■ **Task goal**
Reproduce each entry exactly as written.

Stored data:

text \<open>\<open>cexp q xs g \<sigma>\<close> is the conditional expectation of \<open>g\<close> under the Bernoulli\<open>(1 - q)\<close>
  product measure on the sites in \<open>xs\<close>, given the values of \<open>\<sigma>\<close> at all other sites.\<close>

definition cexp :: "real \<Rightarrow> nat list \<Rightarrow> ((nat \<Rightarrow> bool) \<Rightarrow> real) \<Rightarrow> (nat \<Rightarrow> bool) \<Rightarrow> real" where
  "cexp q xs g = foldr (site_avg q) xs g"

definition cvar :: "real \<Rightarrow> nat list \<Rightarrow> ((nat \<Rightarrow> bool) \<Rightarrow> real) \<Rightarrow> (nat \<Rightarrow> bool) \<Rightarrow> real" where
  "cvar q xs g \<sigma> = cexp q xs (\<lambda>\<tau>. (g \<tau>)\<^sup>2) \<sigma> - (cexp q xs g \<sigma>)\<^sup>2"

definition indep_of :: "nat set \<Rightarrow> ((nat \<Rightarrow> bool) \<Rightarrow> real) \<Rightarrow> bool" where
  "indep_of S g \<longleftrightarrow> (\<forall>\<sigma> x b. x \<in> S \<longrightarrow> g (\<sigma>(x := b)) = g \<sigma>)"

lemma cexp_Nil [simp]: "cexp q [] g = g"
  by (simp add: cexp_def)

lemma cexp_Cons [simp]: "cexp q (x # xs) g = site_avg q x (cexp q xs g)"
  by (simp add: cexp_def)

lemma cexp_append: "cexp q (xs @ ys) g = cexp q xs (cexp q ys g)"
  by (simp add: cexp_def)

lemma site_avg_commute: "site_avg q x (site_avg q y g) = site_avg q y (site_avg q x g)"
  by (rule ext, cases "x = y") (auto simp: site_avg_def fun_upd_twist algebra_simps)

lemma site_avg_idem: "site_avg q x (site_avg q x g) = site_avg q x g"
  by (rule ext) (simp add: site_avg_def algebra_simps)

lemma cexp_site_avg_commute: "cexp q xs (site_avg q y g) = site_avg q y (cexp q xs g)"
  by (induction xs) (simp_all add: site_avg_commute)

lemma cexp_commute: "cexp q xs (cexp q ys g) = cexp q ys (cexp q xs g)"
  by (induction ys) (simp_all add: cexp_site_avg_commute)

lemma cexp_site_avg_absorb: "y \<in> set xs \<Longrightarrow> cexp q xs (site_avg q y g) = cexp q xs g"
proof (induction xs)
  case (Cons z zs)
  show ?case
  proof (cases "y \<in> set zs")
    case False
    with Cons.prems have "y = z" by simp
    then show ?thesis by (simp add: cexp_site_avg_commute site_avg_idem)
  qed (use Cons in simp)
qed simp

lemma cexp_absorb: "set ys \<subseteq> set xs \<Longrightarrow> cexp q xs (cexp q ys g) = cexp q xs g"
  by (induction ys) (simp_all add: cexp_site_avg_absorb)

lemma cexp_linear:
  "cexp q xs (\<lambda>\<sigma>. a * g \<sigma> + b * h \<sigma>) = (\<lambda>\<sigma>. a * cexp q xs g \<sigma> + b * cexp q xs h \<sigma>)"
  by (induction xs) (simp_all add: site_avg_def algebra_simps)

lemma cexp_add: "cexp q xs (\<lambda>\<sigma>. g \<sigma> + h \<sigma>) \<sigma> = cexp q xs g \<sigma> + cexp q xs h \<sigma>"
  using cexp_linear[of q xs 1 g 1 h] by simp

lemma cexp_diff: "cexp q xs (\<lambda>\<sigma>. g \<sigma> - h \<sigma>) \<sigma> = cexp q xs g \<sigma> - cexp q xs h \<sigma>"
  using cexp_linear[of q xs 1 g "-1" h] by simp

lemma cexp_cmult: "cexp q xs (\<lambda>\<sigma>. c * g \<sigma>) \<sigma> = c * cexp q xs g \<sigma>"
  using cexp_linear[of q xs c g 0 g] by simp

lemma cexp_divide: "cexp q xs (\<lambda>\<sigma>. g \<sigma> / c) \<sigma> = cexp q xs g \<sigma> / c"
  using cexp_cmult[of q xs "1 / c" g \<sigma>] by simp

■ **Answer box**
text \<open>\<open>cexp q xs g \<sigma>\<close> is the conditional expectation of \<open>g\<close> under the Bernoulli\<open>(1 - q)\<close>
  product measure on the sites in \<open>xs\<close>, given the values of \<open>\<sigma>\<close> at all other sites.\<close>

definition cexp :: "real \<Rightarrow> nat list \<Rightarrow> ((nat \<Rightarrow> bool) \<Rightarrow> real) \<Rightarrow> (nat \<Rightarrow> bool) \<Rightarrow> real" where
  "cexp q xs g = foldr (site_avg q) xs g"

definition cvar :: "real \<Rightarrow> nat list \<Rightarrow> ((nat \<Rightarrow> bool) \<Rightarrow> real) \<Rightarrow> (nat \<Rightarrow> bool) \<Rightarrow> real" where
  "cvar q xs g \<sigma> = cexp q xs (\<lambda>\<tau>. (g \<tau>)\<^sup>2) \<sigma> - (cexp q xs g \<sigma>)\<^sup>2"

definition indep_of :: "nat set \<Rightarrow> ((nat \<Rightarrow> bool) \<Rightarrow> real) \<Rightarrow> bool" where
  "indep_of S g \<longleftrightarrow> (\<forall>\<sigma> x b. x \<in> S \<longrightarrow> g (\<sigma>(x := b)) = g \<sigma>)"

lemma cexp_Nil [simp]: "cexp q [] g = g"
  by (simp add: cexp_def)

lemma cexp_Cons [simp]: "cexp q (x # xs) g = site_avg q x (cexp q xs g)"
  by (simp add: cexp_def)

lemma cexp_append: "cexp q (xs @ ys) g = cexp q xs (cexp q ys g)"
  by (simp add: cexp_def)

lemma site_avg_commute: "site_avg q x (site_avg q y g) = site_avg q y (site_avg q x g)"
  by (rule ext, cases "x = y") (auto simp: site_avg_def fun_upd_twist algebra_simps)

lemma site_avg_idem: "site_avg q x (site_avg q x g) = site_avg q x g"
  by (rule ext) (simp add: site_avg_def algebra_simps)

lemma cexp_site_avg_commute: "cexp q xs (site_avg q y g) = site_avg q y (cexp q xs g)"
  by (induction xs) (simp_all add: site_avg_commute)

lemma cexp_commute: "cexp q xs (cexp q ys g) = cexp q ys (cexp q xs g)"
  by (induction ys) (simp_all add: cexp_site_avg_commute)

lemma cexp_site_avg_absorb: "y \<in> set xs \<Longrightarrow> cexp q xs (site_avg q y g) = cexp q xs g"
proof (induction xs)
  case (Cons z zs)
  show ?case
  proof (cases "y \<in> set zs")
    case False
    with Cons.prems have "y = z" by simp
    then show ?thesis by (simp add: cexp_site_avg_commute site_avg_idem)
  qed (use Cons in simp)
qed simp

lemma cexp_absorb: "set ys \<subseteq> set xs \<Longrightarrow> cexp q xs (cexp q ys g) = cexp q xs g"
  by (induction ys) (simp_all add: cexp_site_avg_absorb)

lemma cexp_linear:
  "cexp q xs (\<lambda>\<sigma>. a * g \<sigma> + b * h \<sigma>) = (\<lambda>\<sigma>. a * cexp q xs g \<sigma> + b * cexp q xs h \<sigma>)"
  by (induction xs) (simp_all add: site_avg_def algebra_simps)

lemma cexp_add: "cexp q xs (\<lambda>\<sigma>. g \<sigma> + h \<sigma>) \<sigma> = cexp q xs g \<sigma> + cexp q xs h \<sigma>"
  using cexp_linear[of q xs 1 g 1 h] by simp

lemma cexp_diff: "cexp q xs (\<lambda>\<sigma>. g \<sigma> - h \<sigma>) \<sigma> = cexp q xs g \<sigma> - cexp q xs h \<sigma>"
  using cexp_linear[of q xs 1 g "-1" h] by simp

lemma cexp_cmult: "cexp q xs (\<lambda>\<sigma>. c * g \<sigma>) \<sigma> = c * cexp q xs g \<sigma>"
  using cexp_linear[of q xs c g 0 g] by simp

lemma cexp_divide: "cexp q xs (\<lambda>\<sigma>. g \<sigma> / c) \<sigma> = cexp q xs g \<sigma> / c"
  using cexp_cmult[of q xs "1 / c" g \<sigma>] by simp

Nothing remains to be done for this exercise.